In a nod to the pulps and pin-ups of the past and rendered in fluorescent pinks and inky blacks, Heskha upends the conventional idea of the B-movie Vixen by adding a layer of such over-the-top brutality and vehemence that it transcends the possible, bringing the trope into the post-ironic age where we have lost the ability to discern what we are meant to take seriously.
Is Mean Girls Club to be read as satirical social commentary? Is it just flat out bonkers? Or is it a combination of both? When viewed through various critical lenses, Mean Girls Club demands that the reader ask certain questions: issues of gender and power, fringe vs center, entertainment vs social order. But this sort of critical response probably misses the point of Heskha’s intent.

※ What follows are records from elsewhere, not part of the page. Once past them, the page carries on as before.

lemma rec_nat_cong:
  assumes "\<And>k r. h k r = h' k r"
  shows "rec_nat a h n = rec_nat a h' n"
  by (induction n) (auto simp: assms)

lemma computable_prim:
  assumes "computable n g" "computable (n + 2) h"
  shows "computable (n + 1) (\<lambda>xs. rec_nat (g (tl xs)) (\<lambda>k r. h (k # r # tl xs)) (hd xs))"
proof -
  obtain g' where g': "total_rec n g'" "\<forall>xs. length xs = n \<longrightarrow> g' xs = g xs"
    using assms(1) unfolding computable_def by auto
  obtain h' where h': "total_rec (n + 2) h'" "\<forall>xs. length xs = n + 2 \<longrightarrow> h' xs = h xs"
    using assms(2) unfolding computable_def by auto
  have "total_rec (n + 1) (\<lambda>xs. rec_nat (g' (tl xs)) (\<lambda>k r. h' (k # r # tl xs)) (hd xs))"
    by (rule total_rec.prim[OF g'(1) h'(1)])
  moreover have "\<forall>xs. length xs = n + 1 \<longrightarrow>
      rec_nat (g' (tl xs)) (\<lambda>k r. h' (k # r # tl xs)) (hd xs) =
      rec_nat (g (tl xs)) (\<lambda>k r. h (k # r # tl xs)) (hd xs)"
    using g'(2) h'(2) by (auto intro: rec_nat_cong)
  ultimately show ?thesis unfolding computable_def by blast
qed

lemma computable_mu:
  assumes "computable (n + 1) g" "\<forall>ys. length ys = n \<longrightarrow> (\<exists>y. g (y # ys) = 0)"
  shows "computable n (\<lambda>ys. LEAST y. g (y # ys) = 0)"
proof -
  obtain g' where g': "total_rec (n + 1) g'" "\<forall>xs. length xs = n + 1 \<longrightarrow> g' xs = g xs"
    using assms(1) unfolding computable_def by auto
  have eq: "\<And>ys y. length ys = n \<Longrightarrow> g' (y # ys) = g (y # ys)" using g'(2) by auto
  have "total_rec n (\<lambda>ys. LEAST y. g' (y # ys) = 0)"
    by (rule total_rec.mu[OF g'(1)]) (use assms(2) eq in auto)
  moreover have "\<forall>ys. length ys = n \<longrightarrow> (LEAST y. g' (y # ys) = 0) = (LEAST y. g (y # ys) = 0)"
    using eq by auto
  ultimately show ?thesis unfolding computable_def by blast
qed

lemma computable_comp1:
  assumes "computable 1 g" "computable n f"
  shows "computable n (\<lambda>xs. g [f xs])"
  using computable_comp[OF assms(1), of "[f]" n] assms(2) by simp

lemma computable_comp2:
  assumes "computable 2 g" "computable n f1" "computable n f2"
  shows "computable n (\<lambda>xs. g [f1 xs, f2 xs])"
  using computable_comp[OF assms(1), of "[f1, f2]" n] assms(2,3) by simp

lemma computable_const: "computable n (\<lambda>_. k)"
proof (induction k)
  case 0
  then show ?case by (rule computable_zero)
next
  case (Suc k)
  show ?case
    using computable_comp1[OF computable_succ Suc] by simp
qed

lemma computable_rec_nat:
  assumes c: "computable n c" and i: "computable n i" and h: "computable (n + 2) h"
  shows "computable n (\<lambda>ys. rec_nat (i ys) (\<lambda>k r. h (k # r # ys)) (c ys))"
proof -
  let ?R = "\<lambda>xs. rec_nat (i (tl xs)) (\<lambda>k r. h (k # r # tl xs)) (hd xs)"
  let ?fs = "c # map (\<lambda>j ys. ys ! j) [0..<n]"
  have "computable n (\<lambda>ys. ?R (map (\<lambda>f. f ys) ?fs))"
    by (rule computable_comp[OF computable_prim[OF i h]]) (auto intro: computable_proj c)
  then show ?thesis
  proof (rule computable_cong)
    fix ys :: "nat list" assume "length ys = n"
    then have "map (\<lambda>j. ys ! j) [0..<n] = ys" using map_nth[of ys] by simp
    then have "map (\<lambda>f. f ys) ?fs = c ys # ys" by (simp add: comp_def)
    then show "?R (map (\<lambda>f. f ys) ?fs) = rec_nat (i ys) (\<lambda>k r. h (k # r # ys)) (c ys)"
      by simp
  qed
qed

lemma rec_nat_add: "rec_nat a (\<lambda>k r. Suc r) b = b + (a::nat)"
  by (induction b) auto

lemma computable_add_proj: "computable 2 (\<lambda>xs. xs ! 0 + xs ! 1)"
proof -
  have h: "computable (2 + 2) (\<lambda>zs. Suc (zs ! 1))"
    using computable_comp1[OF computable_succ computable_proj[of 1 "2+2"]] by simp
  have "computable 2 (\<lambda>ys. rec_nat (ys ! 1) (\<lambda>k r. (\<lambda>zs. Suc (zs ! 1)) (k # r # ys)) (ys ! 0))"
    by (rule computable_rec_nat[OF computable_proj computable_proj h]) auto
  then show ?thesis by (rule computable_cong) (simp add: rec_nat_add)
qed

lemma computable_add: "computable n f \<Longrightarrow> computable n g \<Longrightarrow> computable n (\<lambda>xs. f xs + g xs)"
  using computable_comp2[OF computable_add_proj] by simp

lemma computable_Suc: "computable n f \<Longrightarrow> computable n (\<lambda>xs. Suc (f xs))"
  using computable_comp1[OF computable_succ] by simp

lemma rec_nat_pred: "rec_nat 0 (\<lambda>k r. k) m = m - (1::nat)"
  by (cases m) auto

lemma computable_pred_proj: "computable 1 (\<lambda>xs. xs ! 0 - 1)"
proof -
  have "computable 1 (\<lambda>ys. rec_nat ((\<lambda>_. 0) ys) (\<lambda>k r. (\<lambda>zs. zs ! 0) (k # r # ys)) (ys ! 0))"
    by (rule computable_rec_nat[OF computable_proj computable_zero computable_proj]) auto
  then show ?thesis by (rule computable_cong) (simp add: rec_nat_pred)
qed

lemma computable_pred: "computable n f \<Longrightarrow> computable n (\<lambda>xs. f xs - 1)"
  using computable_comp1[OF computable_pred_proj] by simp

lemma rec_nat_sub: "rec_nat a (\<lambda>k r. r - Suc 0) b = (a::nat) - b"
  by (induction b) auto

lemma computable_diff_proj: "computable 2 (\<lambda>xs. xs ! 0 - xs ! 1)"
proof -
  have h: "computable (2 + 2) (\<lambda>zs. zs ! 1 - 1)"
    by (rule computable_pred[OF computable_proj]) simp
  have "computable 2 (\<lambda>ys. rec_nat (ys ! 0) (\<lambda>k r. (\<lambda>zs. zs ! 1 - 1) (k # r # ys)) (ys ! 1))"
    by (rule computable_rec_nat[OF computable_proj computable_proj h]) auto
  then show ?thesis by (rule computable_cong) (simp add: rec_nat_sub)
qed

lemma computable_diff: "computable n f \<Longrightarrow> computable n g \<Longrightarrow> computable n (\<lambda>xs. f xs - g xs)"
  using computable_comp2[OF computable_diff_proj] by simp

lemma rec_nat_mult: "rec_nat 0 (\<lambda>k r. r + y) x = x * (y::nat)"
  by (induction x) auto

lemma computable_mult_proj: "computable 2 (\<lambda>xs. xs ! 0 * xs ! 1)"
proof -
  have h: "computable (2 + 2) (\<lambda>zs. zs ! 1 + zs ! 3)"
    by (rule computable_add[OF computable_proj computable_proj]) auto
  have "computable 2
      (\<lambda>ys. rec_nat ((\<lambda>_. 0) ys) (\<lambda>k r. (\<lambda>zs. zs ! 1 + zs ! 3) (k # r # ys)) (ys ! 0))"
    by (rule computable_rec_nat[OF computable_proj computable_zero h]) auto
  then show ?thesis by (rule computable_cong) (simp add: rec_nat_mult)
qed

lemma computable_mult: "computable n f \<Longrightarrow> computable n g \<Longrightarrow> computable n (\<lambda>xs. f xs * g xs)"
  using computable_comp2[OF computable_mult_proj] by simp

lemma rec_nat_triangle: "rec_nat 0 (\<lambda>k r. Suc (r + k)) x = triangle x"
  by (induction x) auto

lemma computable_triangle_proj: "computable 1 (\<lambda>xs. triangle (xs ! 0))"
proof -
  have h: "computable (1 + 2) (\<lambda>zs. zs ! 1 + Suc (zs ! 0))"
    by (rule computable_add[OF computable_proj computable_Suc[OF computable_proj]]) auto
  have "computable 1
      (\<lambda>ys. rec_nat ((\<lambda>_. 0) ys) (\<lambda>k r. (\<lambda>zs. zs ! 1 + Suc (zs ! 0)) (k # r # ys)) (ys ! 0))"
    by (rule computable_rec_nat[OF computable_proj computable_zero h]) auto
  then show ?thesis by (rule computable_cong) (simp add: rec_nat_triangle)
qed

lemma computable_triangle: "computable n f \<Longrightarrow> computable n (\<lambda>xs. triangle (f xs))"
  using computable_comp1[OF computable_triangle_proj] by simp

Heskha doesn’t seem to care how we approach his work; this book swings to its own pop-culture rhythm, flat and full of energy and horror – perhaps the perfect narrative for precarious times. The viciousness in this book stands starkly in contrast to the stylized elegance of Heskha’s lines and layouts. Its publisher, Nobrow Press, says it has “A vintage throwback appeal with modern sensibilities … with appeal to an alternative subculture eager for art that continues to subvert the conventions of the old guard of comics.” It’s all this and more. But one thing for sure, in Mean Girls Club we have an artist making the art he wants to make. And although it may be a bit uncomfortable for some of us to read, it may just be the art we deserve.